Saturday, November 6, 2010

El artículo del día: El voto latino en la reciente elección de los Estados Unidos

En Latin American Herald Tribune: http://www.laht.com/article.asp?ArticleId=375907&CategoryId=13303

Marcela Sanchez: US Election Latino Wins and Losses
Latin expert Marcela Sanchez takes us through the wins and losses for Latinos in the November 2 elections in the US, including the Latino vote helping Senator Harry Reid win his hard-fought battle with Tea Party darling Sharron Angle in Nevada but also putting Tea Party star Marco Rubio in the Senate from Florida.

By Marcela Sanchez

Republicans snapped up an early win Tuesday night courtesy of Florida senatorial candidate, Marco Rubio. The 39-year-old Cuban American is a Tea Party favorite and rising star in the GOP, a party in desperate need of attracting Hispanic voters.

Rubio enjoyed 62% support among Latinos in Florida, according to an election-eve survey by the independent polling group Latino Decisions, and easily thwarted Kendrick Meek, his competitor from the Democratic Party.

But there’s no pretending that Rubio’s victory is a sign that Republicans are making inroads with Latinos, who voted more than two-to-one for President Obama in 2008. Florida’s Latino electorate is unique -- made up largely of Cuban Americans and Puerto Ricans, the two Hispanic groups least interested in immigration and thus less concerned with matters like Rubio’s support for the controversial immigration law SB 1070 in Arizona.

Rubio’s win is rather a concrete demonstration of the Republican shift to the right on immigration and a harbinger for how difficult it will be for the 112th Congress to take on the issue.

It wasn’t that long ago that another Cuban American Republican Senator from Florida, Mel Martinez, was unapologetically pro-immigrant and fought hard in the Senate to pass comprehensive reform. Before his resignation from the Senate last year, Martinez frequently warned that the GOP was headed for political hara-kiri with its more and more extreme anti immigrant position.

It was then too, prior to 2008, when John McCain, Republican Senator and later GOP nominee for president, cosponsored immigration comprehensive reform and fought alongside Martinez to pass such a bill. McCain has since fully flip-flopped and now supports SB 1070 and blames illegal immigrants for all manners of crime while calling for the completion of that “danged fence.”

Both Republican and Democrats agree that the message from voters on Tuesday is that they are frustrated with Washington. Americans, they say, want both parties to find common ground to address persistent unemployment, falling housing prices, and the overall sense that the country is declining. In that environment, politicians will likely steer clear of issues that elicit immense frustration and division such as immigration -- where the common ground has nearly vanished.

Of course, Latinos are not going away and the broken immigration system won’t fix itself.

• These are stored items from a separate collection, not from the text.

(* Let $G$ be a group and let $S \subset F$ be a set of weak identities in $G$. Then the $T$-subgroup $\langle S\rangle_T$ generated by $S$ is also a set of weak identities in $G$.
   Context: Let $F$ be the free group on countably many generators $g_1,g_2,\dots$. For $N\ge 1$, $F^{\times N}$ denotes the direct product of $N$ copies of $F$ and $i_k: F\to F^{\times N}$ the inclusion as the $k$-th factor. A subset $S\subset F$ is a set of weak identities in a group $G$ if there exists an integer $N\ge1$ such that for any elements $s_1,\dots,s_N\in S$ and any homomorphism $\rho: F^{\times N}\to G$ there is an index $k\in\{1,\dots,N\}$ with $\rho(i_k(s_k))=1$. A $T$-subgroup (verbal subgroup) of $F$ is a subgroup preserved by all endomorphisms of $F$; for $S\subset F$, $\langle S\rangle_T$ denotes the smallest $T$-subgroup of $F$ containing $S$. *)

theory Defs
  imports "HOL-Algebra.Algebra"
begin

text \<open>Free group F on countably many generators g_1, g_2, ... (indexed by nat).
  Elements are freely reduced words; a letter (n, True) is g_n, (n, False) is g_n^-1.\<close>

type_synonym fword = "(nat \<times> bool) list"

fun freduce :: "fword \<Rightarrow> fword" where
  "freduce [] = []"
| "freduce (x # xs) =
     (case freduce xs of
        [] \<Rightarrow> [x]
      | y # ys \<Rightarrow> (if fst x = fst y \<and> snd x \<noteq> snd y then ys else x # y # ys))"

definition freduced :: "fword \<Rightarrow> bool" where
  "freduced w \<longleftrightarrow> (\<forall>i. Suc i < length w \<longrightarrow>
      \<not> (fst (w ! i) = fst (w ! Suc i) \<and> snd (w ! i) \<noteq> snd (w ! Suc i)))"

definition freeF :: "fword monoid" where
  "freeF = \<lparr>carrier = {w. freduced w}, monoid.mult = (\<lambda>x y. freduce (x @ y)), one = []\<rparr>"

definition freeF_pow :: "nat \<Rightarrow> (nat \<Rightarrow> fword) monoid" where
  "freeF_pow N = product_group {1..N} (\<lambda>_. freeF)"

definition freeF_incl :: "nat \<Rightarrow> nat \<Rightarrow> fword \<Rightarrow> (nat \<Rightarrow> fword)" where
  "freeF_incl N k x = (\<lambda>j\<in>{1..N}. if j = k then x else [])"

definition weak_identities :: "fword set \<Rightarrow> ('g, 'b) monoid_scheme \<Rightarrow> bool" where
  "weak_identities S G \<longleftrightarrow> S \<subseteq> carrier freeF \<and>
     (\<exists>N::nat. N \<ge> 1 \<and>
       (\<forall>s::nat \<Rightarrow> fword. (\<forall>k\<in>{1..N}. s k \<in> S) \<longrightarrow>
         (\<forall>\<rho> \<in> hom (freeF_pow N) G.
            \<exists>k\<in>{1..N}. \<rho> (freeF_incl N k (s k)) = \<one>\<^bsub>G\<^esub>)))"

definition T_subgroup :: "fword set \<Rightarrow> bool" where
  "T_subgroup H \<longleftrightarrow> subgroup H freeF \<and> (\<forall>\<phi> \<in> hom freeF freeF. \<phi> ` H \<subseteq> H)"

definition T_generated :: "fword set \<Rightarrow> fword set" where
  "T_generated S = \<Inter> {H. T_subgroup H \<and> S \<subseteq> H}"

end

theory Submission
  imports Defs
begin

(* Fix N witnessing that S is a set of weak identities and a homomorphism rho from F^N to G.
   For each k, the words all of whose endomorphic images are killed by rho o i_k form a
   T-subgroup of F. Hence if s_k in <S>_T survives rho o i_k, so does some endomorphic image
   phi_k(t_k) of an element t_k of S. Precomposing rho with the coordinatewise endomorphism
   (phi_1, ..., phi_N) of F^N then contradicts the choice of N for S.
   The group laws for reduced words come from reading reduction as a right fold of a
   cancelling cons, which is compatible with reducing any suffix first. *)

definition fcons :: "nat \<times> bool \<Rightarrow> fword \<Rightarrow> fword" where
  "fcons x ys = (case ys of [] \<Rightarrow> [x]
     | y # ys' \<Rightarrow> (if fst x = fst y \<and> snd x \<noteq> snd y then ys' else x # y # ys'))"

lemma fcons_Nil [simp]: "fcons x [] = [x]"
  by (simp add: fcons_def)

lemma fcons_Cons [simp]:
  "fcons x (y # ys) = (if fst x = fst y \<and> snd x \<noteq> snd y then ys else x # y # ys)"
  by (simp add: fcons_def)

lemma freduce_Cons: "freduce (x # xs) = fcons x (freduce xs)"
  by (simp add: fcons_def)

declare freduce.simps(2) [simp del]
declare freduce_Cons [simp]

lemma freduced_Nil [simp]: "freduced []"
  by (simp add: freduced_def)

lemma freduced_single [simp]: "freduced [x]"
  by (simp add: freduced_def)

lemma freduced_Cons_Cons [simp]:
  "freduced (x # y # ys) \<longleftrightarrow> \<not> (fst x = fst y \<and> snd x \<noteq> snd y) \<and> freduced (y # ys)"
  unfolding freduced_def by (auto simp: nth_Cons split: nat.splits)

lemma freduced_ConsD: "freduced (x # xs) \<Longrightarrow> freduced xs"
  by (cases xs) auto

lemma freduced_fcons: "freduced ys \<Longrightarrow> freduced (fcons x ys)"
  by (cases ys rule: remdups_adj.cases) (auto dest: freduced_ConsD)

lemma freduced_foldr_fcons: "freduced ys \<Longrightarrow> freduced (foldr fcons xs ys)"
  by (induction xs) (simp_all add: freduced_fcons)

lemma freduced_freduce: "freduced (freduce xs)"
  by (induction xs) (simp_all add: freduced_fcons)

lemma freduce_freduced: "freduced xs \<Longrightarrow> freduce xs = xs"
proof (induction xs)
  case (Cons x xs)
  then have "freduce xs = xs"
    using freduced_ConsD by blast
  with Cons.prems show ?case
    by (cases xs) auto
qed simp

lemma fcons_fcons_cancel:
  assumes "fst x = fst y" "snd x \<noteq> snd y" "freduced w"
  shows "fcons x (fcons y w) = w"
  using assms by (cases w rule: remdups_adj.cases) (auto simp: prod_eq_iff)

lemma freduce_append: "freduce (xs @ ys) = foldr fcons xs (freduce ys)"
  by (induction xs) simp_all

lemma foldr_fcons_freduce:
  "freduced z \<Longrightarrow> foldr fcons (freduce xs) z = foldr fcons xs z"
proof (induction xs)
  case (Cons x xs)
  show ?case
  proof (cases "freduce xs")
    case (Cons y r)
    then have "foldr fcons xs z = fcons y (foldr fcons r z)"
      using Cons.IH Cons.prems by simp
    with Cons show ?thesis
      using Cons.prems by (auto simp: fcons_fcons_cancel freduced_foldr_fcons)
  qed (use Cons in simp)
qed simp

lemma freduce_append_freduce_left: "freduce (freduce xs @ ys) = freduce (xs @ ys)"
  by (simp add: freduce_append foldr_fcons_freduce freduced_freduce)

lemma freduce_append_freduce_right: "freduce (xs @ freduce ys) = freduce (xs @ ys)"
  by (simp add: freduce_append freduce_freduced freduced_freduce)

definition finv :: "fword \<Rightarrow> fword" where
  "finv w = map (\<lambda>(n, b). (n, \<not> b)) (rev w)"

lemma foldr_fcons_finv_cancel: "freduced z \<Longrightarrow> foldr fcons (finv w @ w) z = z"
proof (induction w arbitrary: z)
  case (Cons a w)
  have "foldr fcons (finv (a # w) @ a # w) z
      = foldr fcons (finv w) (fcons (fst a, \<not> snd a) (fcons a (foldr fcons w z)))"
    by (simp add: finv_def split_beta)
  also have "\<dots> = foldr fcons (finv w @ w) z"
    using Cons.prems by (simp add: fcons_fcons_cancel freduced_foldr_fcons)
  finally show ?case
    using Cons by simp
qed (simp add: finv_def)

lemma freduce_finv_append: "freduce (finv w @ w) = []"
  using foldr_fcons_finv_cancel[of "[]" w] freduce_append[of "finv w @ w" "[]"] by simp

lemma carrier_freeF: "carrier freeF = {w. freduced w}"
  and one_freeF [simp]: "\<one>\<^bsub>freeF\<^esub> = []"
  and mult_freeF: "x \<otimes>\<^bsub>freeF\<^esub> y = freduce (x @ y)"
  by (simp_all add: freeF_def)

lemma group_freeF: "group freeF"
proof (rule groupI)
  fix x y z
  show "x \<otimes>\<^bsub>freeF\<^esub> y \<otimes>\<^bsub>freeF\<^esub> z = x \<otimes>\<^bsub>freeF\<^esub> (y \<otimes>\<^bsub>freeF\<^esub> z)"
    by (simp add: mult_freeF freduce_append_freduce_left freduce_append_freduce_right)
next
  fix x assume "x \<in> carrier freeF"
  then show "\<exists>y\<in>carrier freeF. y \<otimes>\<^bsub>freeF\<^esub> x = \<one>\<^bsub>freeF\<^esub>"
    by (intro bexI[of _ "freduce (finv x)"])
       (simp_all add: carrier_freeF mult_freeF freduce_append_freduce_left
         freduce_finv_append freduced_freduce)
qed (simp_all add: carrier_freeF mult_freeF freduced_freduce freduce_freduced)

lemma hom_product_group_map:
  assumes "\<And>i. i \<in> I \<Longrightarrow> f i \<in> hom (G i) (H i)"
  shows "(\<lambda>x. \<lambda>i\<in>I. f i (x i)) \<in> hom (product_group I G) (product_group I H)"
  using assms
  by (intro homI) (auto simp: hom_mult PiE_iff intro: hom_in_carrier[OF assms] intro!: restrict_ext)

lemma hom_product_group_inclusion:
  assumes "\<And>i. i \<in> I \<Longrightarrow> monoid (G i)" and "k \<in> I"
  shows "(\<lambda>x. \<lambda>i\<in>I. if i = k then x else \<one>\<^bsub>G i\<^esub>) \<in> hom (G k) (product_group I G)"
  using assms by (intro homI) (auto simp: PiE_iff monoid.one_closed intro!: restrict_ext)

Indeed, Tuesday’s midterm elections also demonstrated the power of Latino voters in tight races between pro-reform Democrats and anti-reform Republicans. In Nevada, where Senate majority leader Harry Reid was in a fight for his political life against Tea Party candidate Sharron Angle, nine in ten Latinos supported Reid. Before he could deliver his thanks Tuesday night, supporters wildly chanted “si se puede”.

Meanwhile in Colorado, Democrat Michael Bennet retained his Senate seat, narrowly defeating Republican challenger Ken Buck. According to Latino Decisions, 81% of Latinos in that state supported Bennet. In California, Democratic candidates Barbara Boer and Jerry Brown enjoyed 86% support among Hispanics, and won their difficult senate and governor races respectively.


The fastest growing minority is less influential in races that are not tight. In Arizona, in fact, McCain easily retained his Senate seat despite garnering only two in ten Latino votes. In 2004, when he was the other McCain, 70% of Latinos voted for his reelection to the Senate.

Perhaps even more painful for pro-immigrant forces was the reelection in Arizona of Governor Jan Brewer who signed SB 1070 into law. Brewer won despite only 14% support among Latinos.

For some advocates the hope now is that Obama will do much more than he has to fulfill his promise of making immigration reform a priority. Frank Sharry, executive director of the pro-immigrant group America's Voice said that Obama’s “re-election may be imperiled if he doesn’t.”

But Tuesday’s election also showed that even without progress on immigration, Latinos come out in force for Democratic candidates who face opponents who vilify immigrants in the main extreme media or in vitriolic political attacks.

To get such support from Latinos outside Florida, Republicans will need to move back from the fringe on immigration and return some civility to their political discourse. And if they do, Latinos could claim that on Tuesday they won far more than anyone may think.